(Stored data)
"""

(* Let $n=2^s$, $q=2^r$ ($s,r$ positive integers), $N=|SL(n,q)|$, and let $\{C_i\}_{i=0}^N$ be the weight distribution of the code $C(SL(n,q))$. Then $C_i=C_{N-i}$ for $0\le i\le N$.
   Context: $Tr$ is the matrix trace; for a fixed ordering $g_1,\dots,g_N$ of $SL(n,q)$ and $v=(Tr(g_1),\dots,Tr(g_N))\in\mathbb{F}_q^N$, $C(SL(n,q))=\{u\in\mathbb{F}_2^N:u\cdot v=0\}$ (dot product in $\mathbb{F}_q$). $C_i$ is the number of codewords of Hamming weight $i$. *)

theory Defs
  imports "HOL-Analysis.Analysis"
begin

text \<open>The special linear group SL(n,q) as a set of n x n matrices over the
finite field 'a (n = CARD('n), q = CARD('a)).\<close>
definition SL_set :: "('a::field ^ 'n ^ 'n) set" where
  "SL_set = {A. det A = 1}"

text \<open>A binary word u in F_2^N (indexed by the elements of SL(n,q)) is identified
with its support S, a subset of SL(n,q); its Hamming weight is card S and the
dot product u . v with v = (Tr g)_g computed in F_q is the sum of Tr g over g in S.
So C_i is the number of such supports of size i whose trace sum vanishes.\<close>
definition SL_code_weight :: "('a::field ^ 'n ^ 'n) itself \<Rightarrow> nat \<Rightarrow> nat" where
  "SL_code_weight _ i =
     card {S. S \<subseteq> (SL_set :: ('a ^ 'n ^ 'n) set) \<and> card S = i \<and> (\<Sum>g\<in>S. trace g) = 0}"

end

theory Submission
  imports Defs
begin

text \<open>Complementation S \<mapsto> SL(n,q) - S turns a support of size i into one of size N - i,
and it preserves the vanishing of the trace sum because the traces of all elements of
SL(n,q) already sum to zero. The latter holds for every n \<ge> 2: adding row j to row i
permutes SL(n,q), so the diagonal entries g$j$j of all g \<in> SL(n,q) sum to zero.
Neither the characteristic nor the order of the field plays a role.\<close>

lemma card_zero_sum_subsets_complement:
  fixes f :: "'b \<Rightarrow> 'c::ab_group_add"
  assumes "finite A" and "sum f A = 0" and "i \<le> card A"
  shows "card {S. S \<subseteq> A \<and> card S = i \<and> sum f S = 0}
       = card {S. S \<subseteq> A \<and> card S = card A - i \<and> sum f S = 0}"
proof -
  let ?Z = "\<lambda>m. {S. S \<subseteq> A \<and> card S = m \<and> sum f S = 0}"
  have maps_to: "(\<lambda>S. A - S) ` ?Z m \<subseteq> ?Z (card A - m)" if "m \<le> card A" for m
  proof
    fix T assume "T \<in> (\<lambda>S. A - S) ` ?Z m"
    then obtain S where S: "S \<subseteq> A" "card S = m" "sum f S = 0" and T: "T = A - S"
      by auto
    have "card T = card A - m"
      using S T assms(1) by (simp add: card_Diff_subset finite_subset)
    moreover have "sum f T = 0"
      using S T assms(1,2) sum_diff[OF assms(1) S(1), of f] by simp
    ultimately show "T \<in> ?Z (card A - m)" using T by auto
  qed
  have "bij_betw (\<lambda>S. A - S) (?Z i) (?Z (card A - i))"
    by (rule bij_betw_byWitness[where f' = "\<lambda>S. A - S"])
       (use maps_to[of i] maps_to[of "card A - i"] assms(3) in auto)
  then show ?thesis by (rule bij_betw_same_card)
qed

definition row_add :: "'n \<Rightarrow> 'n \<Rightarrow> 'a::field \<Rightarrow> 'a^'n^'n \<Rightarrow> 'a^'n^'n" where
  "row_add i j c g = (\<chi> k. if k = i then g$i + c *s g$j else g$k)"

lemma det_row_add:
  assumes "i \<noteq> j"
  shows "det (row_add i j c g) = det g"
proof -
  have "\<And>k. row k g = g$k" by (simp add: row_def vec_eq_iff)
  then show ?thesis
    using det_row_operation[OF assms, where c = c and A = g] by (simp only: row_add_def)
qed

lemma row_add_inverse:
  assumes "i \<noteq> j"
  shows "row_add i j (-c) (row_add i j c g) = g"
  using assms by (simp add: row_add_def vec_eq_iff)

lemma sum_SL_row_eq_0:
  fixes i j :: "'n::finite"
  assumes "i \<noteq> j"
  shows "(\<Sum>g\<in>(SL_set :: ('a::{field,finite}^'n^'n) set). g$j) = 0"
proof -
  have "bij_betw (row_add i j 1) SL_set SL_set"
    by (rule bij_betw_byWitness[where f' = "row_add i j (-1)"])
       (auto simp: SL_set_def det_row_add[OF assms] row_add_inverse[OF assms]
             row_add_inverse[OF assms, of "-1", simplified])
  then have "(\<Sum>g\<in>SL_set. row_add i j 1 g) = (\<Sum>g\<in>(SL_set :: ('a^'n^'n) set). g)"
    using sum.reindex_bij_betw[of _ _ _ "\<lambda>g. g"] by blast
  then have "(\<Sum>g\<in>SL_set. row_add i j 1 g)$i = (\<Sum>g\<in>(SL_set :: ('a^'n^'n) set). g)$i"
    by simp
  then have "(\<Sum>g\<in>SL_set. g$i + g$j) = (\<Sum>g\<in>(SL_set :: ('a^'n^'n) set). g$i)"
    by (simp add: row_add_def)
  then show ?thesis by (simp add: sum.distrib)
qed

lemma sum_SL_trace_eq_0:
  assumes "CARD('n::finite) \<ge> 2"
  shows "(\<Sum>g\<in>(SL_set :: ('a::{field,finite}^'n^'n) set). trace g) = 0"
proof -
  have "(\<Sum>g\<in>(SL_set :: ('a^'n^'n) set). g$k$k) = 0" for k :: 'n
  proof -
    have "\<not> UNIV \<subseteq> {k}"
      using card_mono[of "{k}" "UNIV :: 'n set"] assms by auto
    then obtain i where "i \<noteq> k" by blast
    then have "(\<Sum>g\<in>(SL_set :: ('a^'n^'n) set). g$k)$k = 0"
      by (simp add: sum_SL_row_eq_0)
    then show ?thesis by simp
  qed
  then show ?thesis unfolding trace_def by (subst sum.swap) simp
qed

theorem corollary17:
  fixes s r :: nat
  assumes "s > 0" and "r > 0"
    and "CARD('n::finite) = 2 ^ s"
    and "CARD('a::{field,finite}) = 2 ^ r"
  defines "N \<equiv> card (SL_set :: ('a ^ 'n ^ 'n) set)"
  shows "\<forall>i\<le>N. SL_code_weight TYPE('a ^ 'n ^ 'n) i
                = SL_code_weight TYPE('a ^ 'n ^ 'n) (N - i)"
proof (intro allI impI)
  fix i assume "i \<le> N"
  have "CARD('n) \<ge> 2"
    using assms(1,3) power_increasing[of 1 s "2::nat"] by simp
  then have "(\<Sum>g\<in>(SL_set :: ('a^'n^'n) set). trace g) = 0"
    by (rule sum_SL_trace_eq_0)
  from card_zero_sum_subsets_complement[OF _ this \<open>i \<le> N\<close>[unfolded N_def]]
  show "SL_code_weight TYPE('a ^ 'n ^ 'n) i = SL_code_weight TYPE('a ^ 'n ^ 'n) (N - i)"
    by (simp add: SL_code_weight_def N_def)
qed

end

"""
"""

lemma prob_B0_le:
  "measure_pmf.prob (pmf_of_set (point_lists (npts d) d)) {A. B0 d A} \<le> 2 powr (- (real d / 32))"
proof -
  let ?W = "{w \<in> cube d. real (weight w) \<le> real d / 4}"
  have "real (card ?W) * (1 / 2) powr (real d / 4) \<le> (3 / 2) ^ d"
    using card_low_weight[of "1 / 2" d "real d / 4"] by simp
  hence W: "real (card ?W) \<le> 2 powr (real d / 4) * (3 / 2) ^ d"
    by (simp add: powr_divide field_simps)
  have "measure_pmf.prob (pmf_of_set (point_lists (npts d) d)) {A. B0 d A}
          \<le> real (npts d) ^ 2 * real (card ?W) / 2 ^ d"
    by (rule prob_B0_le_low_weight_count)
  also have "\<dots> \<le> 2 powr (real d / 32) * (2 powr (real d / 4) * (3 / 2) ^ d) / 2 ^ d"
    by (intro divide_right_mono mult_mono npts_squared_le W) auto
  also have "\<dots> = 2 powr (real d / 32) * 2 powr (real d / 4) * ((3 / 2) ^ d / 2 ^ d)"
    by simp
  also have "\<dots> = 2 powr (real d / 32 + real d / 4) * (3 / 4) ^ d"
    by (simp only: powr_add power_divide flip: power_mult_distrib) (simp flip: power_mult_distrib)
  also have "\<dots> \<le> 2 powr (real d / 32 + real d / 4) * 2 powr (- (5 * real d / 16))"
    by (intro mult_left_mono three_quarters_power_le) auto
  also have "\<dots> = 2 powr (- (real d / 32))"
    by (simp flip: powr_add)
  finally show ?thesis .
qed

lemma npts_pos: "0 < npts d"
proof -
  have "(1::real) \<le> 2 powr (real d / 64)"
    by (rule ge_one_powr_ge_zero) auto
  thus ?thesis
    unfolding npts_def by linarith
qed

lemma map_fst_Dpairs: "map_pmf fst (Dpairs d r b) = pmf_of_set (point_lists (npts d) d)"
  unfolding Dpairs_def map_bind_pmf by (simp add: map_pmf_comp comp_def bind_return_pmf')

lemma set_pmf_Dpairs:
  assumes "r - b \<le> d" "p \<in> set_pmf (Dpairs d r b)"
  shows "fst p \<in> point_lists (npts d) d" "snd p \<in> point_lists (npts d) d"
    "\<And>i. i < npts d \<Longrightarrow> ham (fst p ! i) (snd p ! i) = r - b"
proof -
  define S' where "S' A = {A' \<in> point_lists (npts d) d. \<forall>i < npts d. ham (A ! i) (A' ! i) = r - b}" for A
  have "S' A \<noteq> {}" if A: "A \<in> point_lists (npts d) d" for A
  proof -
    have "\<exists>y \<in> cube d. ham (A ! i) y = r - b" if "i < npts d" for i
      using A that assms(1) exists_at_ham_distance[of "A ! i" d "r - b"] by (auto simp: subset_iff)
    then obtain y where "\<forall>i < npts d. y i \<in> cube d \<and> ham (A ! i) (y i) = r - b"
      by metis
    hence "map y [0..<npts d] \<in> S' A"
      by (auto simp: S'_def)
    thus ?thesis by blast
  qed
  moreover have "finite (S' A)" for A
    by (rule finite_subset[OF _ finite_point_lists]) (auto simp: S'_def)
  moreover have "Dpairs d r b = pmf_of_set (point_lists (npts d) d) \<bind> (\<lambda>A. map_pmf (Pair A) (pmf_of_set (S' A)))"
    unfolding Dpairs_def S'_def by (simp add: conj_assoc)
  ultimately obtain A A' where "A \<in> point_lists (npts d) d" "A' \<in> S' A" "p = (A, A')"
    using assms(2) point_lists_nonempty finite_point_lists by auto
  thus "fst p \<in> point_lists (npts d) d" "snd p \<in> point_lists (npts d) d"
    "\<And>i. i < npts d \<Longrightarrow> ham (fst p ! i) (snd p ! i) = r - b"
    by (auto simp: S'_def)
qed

"""
"""

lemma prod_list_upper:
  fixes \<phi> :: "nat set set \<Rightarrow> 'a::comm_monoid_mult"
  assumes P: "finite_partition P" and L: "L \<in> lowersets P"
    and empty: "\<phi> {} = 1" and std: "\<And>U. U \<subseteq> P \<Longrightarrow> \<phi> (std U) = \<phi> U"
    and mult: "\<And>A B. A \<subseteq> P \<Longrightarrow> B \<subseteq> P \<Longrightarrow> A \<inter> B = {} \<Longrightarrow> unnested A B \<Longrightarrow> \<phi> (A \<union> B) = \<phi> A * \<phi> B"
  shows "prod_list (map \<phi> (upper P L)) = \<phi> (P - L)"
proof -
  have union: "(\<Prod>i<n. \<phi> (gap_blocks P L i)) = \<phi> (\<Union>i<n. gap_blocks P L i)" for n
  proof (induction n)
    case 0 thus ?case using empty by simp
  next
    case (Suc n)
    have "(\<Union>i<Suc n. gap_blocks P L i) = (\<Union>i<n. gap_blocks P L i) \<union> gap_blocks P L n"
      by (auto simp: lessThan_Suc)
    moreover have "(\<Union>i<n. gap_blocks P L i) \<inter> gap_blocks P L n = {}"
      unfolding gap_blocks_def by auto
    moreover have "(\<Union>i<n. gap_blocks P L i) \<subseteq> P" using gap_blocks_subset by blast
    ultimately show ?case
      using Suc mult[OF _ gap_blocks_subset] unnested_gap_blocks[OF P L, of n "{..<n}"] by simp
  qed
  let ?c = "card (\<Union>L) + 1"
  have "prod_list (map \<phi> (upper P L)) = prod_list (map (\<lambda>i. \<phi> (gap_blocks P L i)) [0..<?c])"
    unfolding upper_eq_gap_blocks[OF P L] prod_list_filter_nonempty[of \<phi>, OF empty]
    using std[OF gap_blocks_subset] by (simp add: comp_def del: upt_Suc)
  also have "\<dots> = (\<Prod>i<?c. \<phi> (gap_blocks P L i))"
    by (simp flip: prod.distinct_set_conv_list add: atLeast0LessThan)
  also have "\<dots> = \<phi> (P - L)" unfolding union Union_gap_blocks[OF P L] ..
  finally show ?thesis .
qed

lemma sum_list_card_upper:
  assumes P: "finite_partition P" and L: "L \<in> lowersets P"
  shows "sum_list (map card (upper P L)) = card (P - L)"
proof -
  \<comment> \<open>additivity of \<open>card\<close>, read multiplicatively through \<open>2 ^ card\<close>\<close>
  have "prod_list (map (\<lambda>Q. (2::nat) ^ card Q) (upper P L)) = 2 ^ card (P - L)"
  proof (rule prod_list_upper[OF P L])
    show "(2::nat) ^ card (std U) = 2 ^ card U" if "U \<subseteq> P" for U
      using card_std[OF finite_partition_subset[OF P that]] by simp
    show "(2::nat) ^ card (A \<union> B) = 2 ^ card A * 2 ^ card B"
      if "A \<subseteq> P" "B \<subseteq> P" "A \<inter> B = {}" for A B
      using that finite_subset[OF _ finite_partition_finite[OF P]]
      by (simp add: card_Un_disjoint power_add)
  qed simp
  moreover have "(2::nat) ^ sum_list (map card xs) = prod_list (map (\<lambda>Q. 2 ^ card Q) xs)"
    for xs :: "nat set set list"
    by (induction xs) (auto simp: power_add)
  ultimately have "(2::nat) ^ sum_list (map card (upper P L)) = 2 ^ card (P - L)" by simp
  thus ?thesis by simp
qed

"""

**Task prompt**
Taking the lines above one at a time, give the number of them that contain the string "elements". Add nothing else.

**Final answer**
2